lemma zero_count_step:
  assumes "m \<le> n"
  shows "int (zero_count (step n \<omega>) m) =
           int (zero_count \<omega> m) - (if 0 < m \<and> m < n \<and> \<not> \<omega> m \<and> \<omega> (Suc m) then 1 else 0)"
  using assms
proof (induction m)
  case (Suc m)
  have IH: "int (zero_count (step n \<omega>) m) = int (zero_count \<omega> m) - (if 0 < m \<and> \<not> \<omega> m \<and> \<omega> (Suc m) then 1 else 0)"
    using Suc by simp
  show ?case
    unfolding zero_count.simps of_nat_add using IH step_Suc[OF Suc.prems, of \<omega>]
    by (cases "\<omega> m"; cases "\<omega> (Suc m)"; cases "\<omega> (Suc (Suc m))"; cases "Suc m < n"; cases "m = 0") simp_all
qed simp

lemma zero_count_mono: "i \<le> j \<Longrightarrow> zero_count \<omega> i \<le> zero_count \<omega> j"
  by (induction j) (auto simp: le_Suc_eq)

lemma zero_count_le_add_diff: "i \<le> j \<Longrightarrow> zero_count \<omega> j \<le> zero_count \<omega> i + (j - i)"
  by (induction j) (auto simp: le_Suc_eq Suc_diff_le)

lemma zero_count_le: "zero_count \<omega> i \<le> i"
  using zero_count_le_add_diff[of 0 i \<omega>] by simp

lemma zero_count_funpow_step: "zero_count ((step n ^^ t) \<omega>) n = zero_count \<omega> n"
  by (induction t) (use zero_count_step[of n n] in auto)

lemma zero_count_sorted:
  assumes "\<forall>i\<in>{1..n}. \<omega> i = (i \<le> j)" and "m \<le> n"
  shows "zero_count \<omega> m = m - j"
  using assms(2) by (induction m) (use assms(1) in auto)

text \<open>The zero-count profile extended to all of \<int>: constant 0 to the left of the string
  and of slope 1 to the right of it, as if the string continued with zeros.\<close>
definition height :: "nat \<Rightarrow> (nat \<Rightarrow> bool) \<Rightarrow> int \<Rightarrow> int" where
  "height n \<omega> m =
     (if m \<le> 0 then 0
      else if m \<le> int n then int (zero_count \<omega> (nat m))
      else int (zero_count \<omega> n) + (m - int n))"

lemma height_of_nat: "j \<le> n \<Longrightarrow> height n \<omega> (int j) = int (zero_count \<omega> j)"
  by (simp add: height_def)

lemma height_step:
  assumes "n \<ge> 1"
  shows "height n (step n \<omega>) m = max (height n \<omega> (m - 1)) (height n \<omega> (m + 1) - 1)"
proof -
  have zn: "zero_count (step n \<omega>) n = zero_count \<omega> n"
    using zero_count_step[of n n \<omega>] by simp
  consider "m \<le> 0" | "1 \<le> m \<and> m < int n" | "m = int n" | "m > int n"
    by linarith
  then show ?thesis
  proof cases
    case 1
    then show ?thesis
      using zero_count_le[of \<omega> 1] height_of_nat[of 1 n \<omega>] assms
      by (cases "m = 0") (auto simp: height_def)
  next
    case 2
    define k where "k = nat m - 1"
    have k: "m = int (Suc k)" "Suc k < n"
      using 2 by (auto simp: k_def)
    have "m - 1 = int k" "m + 1 = int (Suc (Suc k))"
      using k by simp_all
    then have "height n (step n \<omega>) m = int (zero_count (step n \<omega>) (Suc k))"
      and "height n \<omega> (m - 1) = int (zero_count \<omega> k)"
      and "height n \<omega> (m + 1) = int (zero_count \<omega> (Suc (Suc k)))"
      using k(2) unfolding k(1) by (simp_all only: height_of_nat less_imp_le Suc_leI)
    then show ?thesis
      using zero_count_step[of "Suc k" n \<omega>] k
      by (cases "\<omega> (Suc k)"; cases "\<omega> (Suc (Suc k))") auto
  next
    case 3
    have "height n \<omega> (m - 1) = int (zero_count \<omega> (n - 1))"
      using 3 assms height_of_nat[of "n - 1" n \<omega>] by (simp add: of_nat_diff)
    moreover have "zero_count \<omega> (n - 1) \<le> zero_count \<omega> n"
      by (rule zero_count_mono) simp
    ultimately show ?thesis
      using 3 zn by (simp add: height_def)
  next
    case 4
    then show ?thesis
      using zn height_of_nat[of n n \<omega>] by (cases "m = int n + 1") (auto simp: height_def)
  qed
qed

lemma height_funpow_step_le:
  assumes "n \<ge> 1" and "\<forall>j\<le>t. height n \<omega> (m - int t + 2 * int j) - int j \<le> U"
  shows "height n ((step n ^^ t) \<omega>) m \<le> U"
  using assms(2)
proof (induction t arbitrary: m U)
  case (Suc t)
  have "height n ((step n ^^ t) \<omega>) (m - 1) \<le> U"
  proof (rule Suc.IH, intro allI impI)
    fix j assume "j \<le> t"
    then show "height n \<omega> (m - 1 - int t + 2 * int j) - int j \<le> U"
      using Suc.prems[rule_format, of j] by (simp add: algebra_simps)
  qed
  moreover have "height n ((step n ^^ t) \<omega>) (m + 1) \<le> U + 1"
  proof (rule Suc.IH, intro allI impI)
    fix j assume "j \<le> t"
    then show "height n \<omega> (m + 1 - int t + 2 * int j) - int j \<le> U + 1"
      using Suc.prems[rule_format, of "Suc j"] by (simp add: algebra_simps)
  qed
  ultimately show ?case
    using height_step[OF assms(1)] by simp
qed simp

lemma height_funpow_step_ge:
  assumes "n \<ge> 1"
  shows "height n \<omega> (m - int t) \<le> height n ((step n ^^ t) \<omega>) m"
proof (induction t arbitrary: m)
  case (Suc t)
  then have "height n \<omega> (m - 1 - int t) \<le> height n ((step n ^^ t) \<omega>) (m - 1)" .
  then show ?case
    using height_step[OF assms] by (simp add: algebra_simps)
qed simp

definition zero_walk :: "(nat \<Rightarrow> bool) \<Rightarrow> nat \<Rightarrow> int" where
  "zero_walk \<omega> i = 2 * int (zero_count \<omega> i) - int i"

lemma is_sorted_str_if_zero_count_le:
  assumes K: "K \<le> n" and zn: "zero_count \<omega> n = n - K"
    and le: "\<forall>m\<in>{1..n}. int (zero_count \<omega> m) \<le> max 0 (int m - int K)"
  shows "is_sorted_str n \<omega>"
  unfolding is_sorted_str_def
proof (intro exI[of _ K] conjI ballI K)
  fix i assume i: "i \<in> {1..n}"
  show "\<omega> i = (i \<le> K)"
  proof (cases "i \<le> K")
    case True
    then show ?thesis
      using le[rule_format, OF i] i by (cases i) (auto split: if_splits)
  next
    case False
    have "zero_count \<omega> n \<le> zero_count \<omega> i + (n - i)"
      using zero_count_le_add_diff i by simp
    then have "int (zero_count \<omega> i) \<ge> int i - int K"
      using K zn i by (auto simp: of_nat_diff)
    moreover obtain i' where i': "i = Suc i'"
      using i by (cases i) auto
    moreover have "int (zero_count \<omega> i') \<le> int i' - int K"
      using le[rule_format, of i'] i i' False by (cases "i' = 0") auto
    ultimately show ?thesis
      using False by (auto split: if_splits)
  qed
qed

lemma zero_count_funpow_step_le:
  assumes "n \<ge> 1" and walk: "\<forall>i\<in>{1..n}. zero_walk \<omega> i \<le> int B" and "m \<le> n"
  defines "K \<equiv> n - zero_count \<omega> n"
  shows "int (zero_count ((step n ^^ (K + B)) \<omega>) m) \<le> max 0 (int m - int K)"
proof -
  define t where "t = K + B"
  have K: "int (zero_count \<omega> n) = int n - int K"
    using zero_count_le[of \<omega> n] by (simp add: K_def of_nat_diff)
  have "height n ((step n ^^ t) \<omega>) (int m) \<le> max 0 (int m - int K)"
  proof (rule height_funpow_step_le[OF assms(1)], intro allI impI)
    fix j assume j: "j \<le> t"
    define i where "i = int m - int t + 2 * int j"
    consider "i \<le> 0" | "1 \<le> i \<and> i \<le> int n" | "i > int n"
      by linarith
    then show "height n \<omega> (int m - int t + 2 * int j) - int j \<le> max 0 (int m - int K)"
    proof cases
      case 1
      then show ?thesis
        by (simp add: height_def i_def[symmetric])
    next
      case 2
      then have "nat i \<in> {1..n}"
        by auto
      then have "zero_walk \<omega> (nat i) \<le> int B"
        using walk by blast
      then show ?thesis
        using 2 by (simp add: height_def zero_walk_def i_def[symmetric]) (simp add: i_def t_def)
    next
      case 3
      then have "height n \<omega> i = int (zero_count \<omega> n) + (i - int n)"
        by (simp add: height_def)
      then show ?thesis
        using K j unfolding i_def t_def by linarith
    qed
  qed
  then show ?thesis
    using height_of_nat[OF assms(3)] by (simp add: t_def)
qed

lemma sorted_after_steps:
  assumes "n \<ge> 1" and "\<forall>i\<in>{1..n}. zero_walk \<omega> i \<le> int B"
  shows "is_sorted_str n ((step n ^^ (n - zero_count \<omega> n + B)) \<omega>)"
  using zero_count_le[of \<omega> n] zero_count_funpow_step_le[OF assms]
  by (intro is_sorted_str_if_zero_count_le[of "n - zero_count \<omega> n"]) (auto simp: zero_count_funpow_step)

lemma not_sorted_before_steps:
  assumes "n \<ge> 1" and "\<not> \<omega> 1" and t: "t < n - zero_count \<omega> n"
  shows "\<not> is_sorted_str n ((step n ^^ t) \<omega>)"
proof
  define K where "K = n - zero_count \<omega> n"
  let ?\<omega>' = "(step n ^^ t) \<omega>"
  assume "is_sorted_str n ?\<omega>'"
  then obtain j where j: "j \<le> n" "\<forall>i\<in>{1..n}. ?\<omega>' i = (i \<le> j)"
    by (auto simp: is_sorted_str_def)
  have "zero_count \<omega> n = n - j"
    using zero_count_sorted[OF j(2), of n] by (simp add: zero_count_funpow_step)
  then have "j = K"
    using j(1) zero_count_le[of \<omega> n] by (simp add: K_def)
  then have "zero_count ?\<omega>' K = 0"
    using zero_count_sorted[OF j(2), of K] j(1) by simp
  then have "height n ?\<omega>' (int K) = 0"
    using height_of_nat[of K n ?\<omega>'] by (simp add: K_def)
  moreover have "height n \<omega> (int K - int t) \<le> height n ?\<omega>' (int K)"
    by (rule height_funpow_step_ge[OF assms(1)])
  moreover have "height n \<omega> (int K - int t) = int (zero_count \<omega> (K - t))"
    using t height_of_nat[of "K - t" n \<omega>] by (simp add: K_def of_nat_diff algebra_simps)
  moreover have "zero_count \<omega> 1 \<le> zero_count \<omega> (K - t)"
    using t by (intro zero_count_mono) (simp add: K_def)
  ultimately show False
    using assms(2) by simp
qed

**Action item**
I need each line of the entries that holds the string "intro" located and copied.

**Task response**
  proof (rule Suc.IH, intro allI impI)
  proof (rule Suc.IH, intro allI impI)
proof (intro exI[of _ K] conjI ballI K)
  proof (rule height_funpow_step_le[OF assms(1)], intro allI impI)
  by (intro is_sorted_str_if_zero_count_le[of "n - zero_count \<omega> n"]) (auto simp: zero_count_funpow_step)
    using t by (intro zero_count_mono) (simp add: K_def)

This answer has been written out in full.